Dans Iter, les poussières produites à partir de l'érosion du tungstène (élément lourd utilisé comme matériau face au plasma) poseront des problèmes. Pendant les expériences, ces poussières pourront être mobilisées et transportées dans le cœur du plasma, devenant une source de pollution pouvant dégrader les performances du plasma et potentiellement entraîner son extinction. Elles représenteront également un enjeu de sûreté en cas de relâchement accidentel dans l'environnement, car elles seront potentiellement chargées en tritium radioactif, l'un des combustibles de la réaction de fusion nucléaire.
Il est donc essentiel d'appréhender au mieux les phénomènes générant ces poussières dans des conditions proches de celles d'Iter. C'est pourquoi le CEA, en collaboration avec le CNRS et l'IRSN, étudie leur comportement physique et chimique, notamment en développant des systèmes de mesure et de récupération de ces débris dans l'enceinte à vide. Bien qu'une grande partie des recherches se déroule en laboratoire et via des codes numériques, le tokamak West opéré par le CEA-IRFM s'avère un outil indispensable pour se rapprocher des interactions multiples et complexes en machine. Comme dans Iter, ses composants face au plasma dont le divertor sont en tungstène.
Deux populations de poussières résultant des interactions matériaux-plasmas
En parallèle de la collecte et de la caractérisation des poussières formées lors des campagnes à chaque arrêt de West, l'IRFM étudie l'évolution de la surface des matériaux de la première paroi pour donner un éclairage complémentaire des impacts liés à certaines poussières.
« Ici, ce qui a dû être une particule métallique arrachée du divertor, fondue puis entraînée par les champs magnétiques, est venue s'écraser à la surface d'un échantillon que nous avions déposé sur la paroi interne de l'enceinte à vide, formant un minuscule cratère en forme de corolle », explique la chercheuse Élodie Bernard en présentant le type de clichés que les chercheurs obtiennent et qui lui a valu le premier prix d'un concours.
Au-delà de l'esthétisme, les résultats sont surprenants, révélant la présence de deux populations de poussières. La première est dominée par des particules de taille variant de quelques microns à quelques dizaines de microns dont le contenu est généralement à base de tungstène, mais aussi de bore, de carbone et d'oxygène. Elles proviennent de la délamination des revêtements de tungstène, d'émission de gouttelettes de matériaux fondus suite à des charges thermiques intenses ou de la formation de particules de poussière dues à l'érosion des matériaux par le plasma.

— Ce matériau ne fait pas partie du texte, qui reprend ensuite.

lemma sum_H_plus_window_powr_le:
  assumes "1 \<le> q" "0 < t" "0 < s"
  shows "(\<Sum>m\<le>M. \<Sum>n\<le>R. norm (H_plus lam \<alpha> \<psi> (window D m x) n) powr q)
    \<le> ((t+s)/t) powr (q-1) * real (D+1) * (\<Sum>n\<le>R. norm (H_plus lam \<alpha> \<psi> x n) powr q)
      + ((t+s)/s) powr (q-1) * 2 powr (q-1) * 4 * (\<Sum>n\<le>Suc R. norm (x n) powr q)"
proof -
  define w1 where "w1 = ((t+s)/t) powr (q-1)"
  define w2 where "w2 = ((t+s)/s) powr (q-1) * 2 powr (q-1)"
  define a where "a n = norm (x n) powr q" for n
  define a' where "a' n = (if n = 0 then 0 else a (n - 1))" for n
  define c where "c n = norm (H_plus lam \<alpha> \<psi> x n) powr q" for n
  have count_window: "(\<Sum>m\<le>M. of_bool (m \<in> {n..n+D}) :: real) \<le> real (D+1)" for n
  proof -
    have "card ({..M} \<inter> {m. m \<in> {n..n+D}}) \<le> card {n..n+D}"
      by (rule card_mono) auto
    then show ?thesis
      by simp
  qed
  have count_two: "(\<Sum>m\<le>M. of_bool (m = u) :: real) + (\<Sum>m\<le>M. of_bool (m = v)) \<le> 2" for u v
    using card_mono[of "{u}" "{..M} \<inter> {m. m = u}"] card_mono[of "{v}" "{..M} \<inter> {m. m = v}"]
    by simp
  have "(\<Sum>m\<le>M. \<Sum>n\<le>R. norm (H_plus lam \<alpha> \<psi> (window D m x) n) powr q)
      \<le> (\<Sum>m\<le>M. \<Sum>n\<le>R. w1 * (of_bool (m \<in> {n..n+D}) * c n)
            + w2 * ((of_bool (m = n) + of_bool (m = n + D + 1)) * a (Suc n)
                    + (of_bool (m = n - 1) + of_bool (m = n + D)) * a' n))"
    unfolding w1_def w2_def a_def a'_def c_def
    by (intro sum_mono norm_H_plus_window_powr_le[OF assms])
  also have "\<dots> = (\<Sum>n\<le>R. w1 * ((\<Sum>m\<le>M. of_bool (m \<in> {n..n+D})) * c n)
            + w2 * (((\<Sum>m\<le>M. of_bool (m = n)) + (\<Sum>m\<le>M. of_bool (m = n + D + 1))) * a (Suc n)
                    + ((\<Sum>m\<le>M. of_bool (m = n - 1)) + (\<Sum>m\<le>M. of_bool (m = n + D))) * a' n))"
    by (subst sum.swap) (simp only: sum.distrib flip: sum_distrib_left sum_distrib_right)
  also have "\<dots> \<le> (\<Sum>n\<le>R. w1 * (real (D+1) * c n) + w2 * (2 * a (Suc n) + 2 * a' n))"
  proof (intro sum_mono add_mono mult_left_mono mult_right_mono)
  qed (use count_window count_two in \<open>auto simp: w1_def w2_def a_def a'_def c_def\<close>)
  also have "\<dots> = w1 * real (D+1) * (\<Sum>n\<le>R. c n) + 2 * w2 * ((\<Sum>n\<le>R. a (Suc n)) + (\<Sum>n\<le>R. a' n))"
    by (simp add: sum.distrib sum_distrib_left algebra_simps)
  also have "\<dots> \<le> w1 * real (D+1) * (\<Sum>n\<le>R. c n) + 2 * w2 * (2 * (\<Sum>n\<le>Suc R. a n))"
    using sum_neighbours_le[of a R] by (intro add_left_mono mult_left_mono) (auto simp: w2_def a_def a'_def)
  finally show ?thesis
    by (simp add: w1_def w2_def a_def c_def algebra_simps)
qed

lemma sum_window_powr_ge:
  assumes "M \<le> R"
  shows "real (D+1) * (\<Sum>n\<le>M. norm (x n) powr q) \<le> (\<Sum>m\<le>M+D. \<Sum>n\<le>R. norm (window D m x n) powr q)"
proof -
  have "{..M+D} \<inter> {m. m \<in> {n..n+D}} = {n..n+D}" if "n \<le> M" for n
    using that by auto
  then have "real (D+1) * (\<Sum>n\<le>M. norm (x n) powr q)
      = (\<Sum>n\<le>M. (\<Sum>m\<le>M+D. of_bool (m \<in> {n..n+D})) * norm (x n) powr q)"
    by (simp add: sum_distrib_left)
  also have "\<dots> \<le> (\<Sum>n\<le>R. (\<Sum>m\<le>M+D. of_bool (m \<in> {n..n+D})) * norm (x n) powr q)"
    using assms by (intro sum_mono2) auto
  also have "\<dots> = (\<Sum>n\<le>R. \<Sum>m\<le>M+D. of_bool (m \<in> {n..n+D}) * norm (x n) powr q)"
    by (simp add: sum_distrib_right)
  also have "\<dots> = (\<Sum>m\<le>M+D. \<Sum>n\<le>R. norm (window D m x n) powr q)"
  proof -
    have "norm (window D m x n) powr q = of_bool (m \<in> {n..n+D}) * norm (x n) powr q" for m n
      by (simp add: window_def window_index_iff)
    then show ?thesis
      by (subst sum.swap) simp
  qed
  finally show ?thesis .
qed

lemma nu_H_section_lower_bound_window:
  assumes "1 \<le> p" "p \<noteq> \<infinity>" "0 \<le> B" "\<forall>j. B \<le> nu_H_section p lam \<alpha> (frac (of_int j * \<alpha>)) D"
    and "Suc m \<le> R"
  shows "B powr real_of_ereal p * (\<Sum>n\<le>R. norm (window D m x n) powr real_of_ereal p)
    \<le> (\<Sum>n\<le>R. norm (H_plus lam \<alpha> (frac (of_int k * \<alpha>)) (window D m x) n) powr real_of_ereal p)"
proof -
  define q where "q = real_of_ereal p"
  define s where "s = m - D"
  define y where "y = window D m x"
  define T where "T = H_plus lam \<alpha> (frac (of_int k * \<alpha>))"
  have "1 \<le> q"
    using real_of_ereal_ge_1[OF assms(1,2)] by (simp add: q_def)
  have supp: "y n = 0" if "n < s \<or> s + D < n" for n
    using that by (auto simp: y_def window_def s_def)
  have window_norm: "(\<Sum>n\<le>R. norm (y n) powr q) \<le> lp_norm p {0..D} (\<lambda>n. y (n + s)) powr q"
    unfolding q_def lp_norm_shift_powr[OF assms(1,2)] using supp by (intro sum_le_sum_of_support) auto
  have image_norm: "lp_norm p {0..D+1} (\<lambda>n. T y (n + s)) powr q \<le> (\<Sum>n\<le>R. norm (T y n) powr q)"
    unfolding q_def lp_norm_shift_powr[OF assms(1,2)]
  proof (rule sum_le_sum_of_support)
    fix n
    assume "n \<in> {s..s+(D+1)} - {..R}"
    then have "Suc m < n" "m < n - 1"
      using assms(5) by auto
    then show "norm (T y n) powr real_of_ereal p = 0"
      by (simp add: T_def H_plus_def y_def window_def)
  qed auto
  have "B * lp_norm p {0..D} (\<lambda>n. y (n + s))
      \<le> nu_H_section p lam \<alpha> (frac (of_int (k + int s) * \<alpha>)) D * lp_norm p {0..D} (\<lambda>n. y (n + s))"
    using spec[OF assms(4), of "k + int s"] lp_norm_nonneg[of "{0..D}" p] by (intro mult_right_mono) auto
  also have "\<dots> \<le> lp_norm p {0..D+1} (\<lambda>n. T y (n + s))"
    unfolding T_def using assms(1) supp by (rule nu_H_section_shift_mult_le)
  finally have "(B * lp_norm p {0..D} (\<lambda>n. y (n + s))) powr q \<le> lp_norm p {0..D+1} (\<lambda>n. T y (n + s)) powr q"
    using assms(3) \<open>1 \<le> q\<close> lp_norm_nonneg[of "{0..D}" p] by (intro powr_mono2) auto
  then have "B powr q * lp_norm p {0..D} (\<lambda>n. y (n + s)) powr q \<le> (\<Sum>n\<le>R. norm (T y n) powr q)"
    using image_norm assms(3) lp_norm_nonneg[of "{0..D}" p] by (simp add: powr_mult)
  then show ?thesis
    using window_norm mult_left_mono[OF window_norm, of "B powr q"]
    by (simp add: q_def[symmetric] y_def[symmetric] T_def[symmetric])
qed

De surprenantes nanoparticules de tungstène
La deuxième population de poussières est en effet surprenante puisqu'il s'agit de nanoparticules de tungstène trouvées à la surface de particules de quelques microns. Elles peuvent résulter soit de la condensation d'une vapeur sursaturée au-dessus du tungstène fondu, soit d'amas neutres en ions se développant dans des régions de plasma à basse température jusqu'à l'apparition de particules solides.
Ce travail de caractérisation va se poursuivre pendant la phase 2 des campagnes expérimentales sur West car le divertor a subi des modifications. Il intègre désormais des composants en tungstène massif de technologie Iter et il sera important d'étudier l'impact de ce changement sur la production et le comportement des poussières.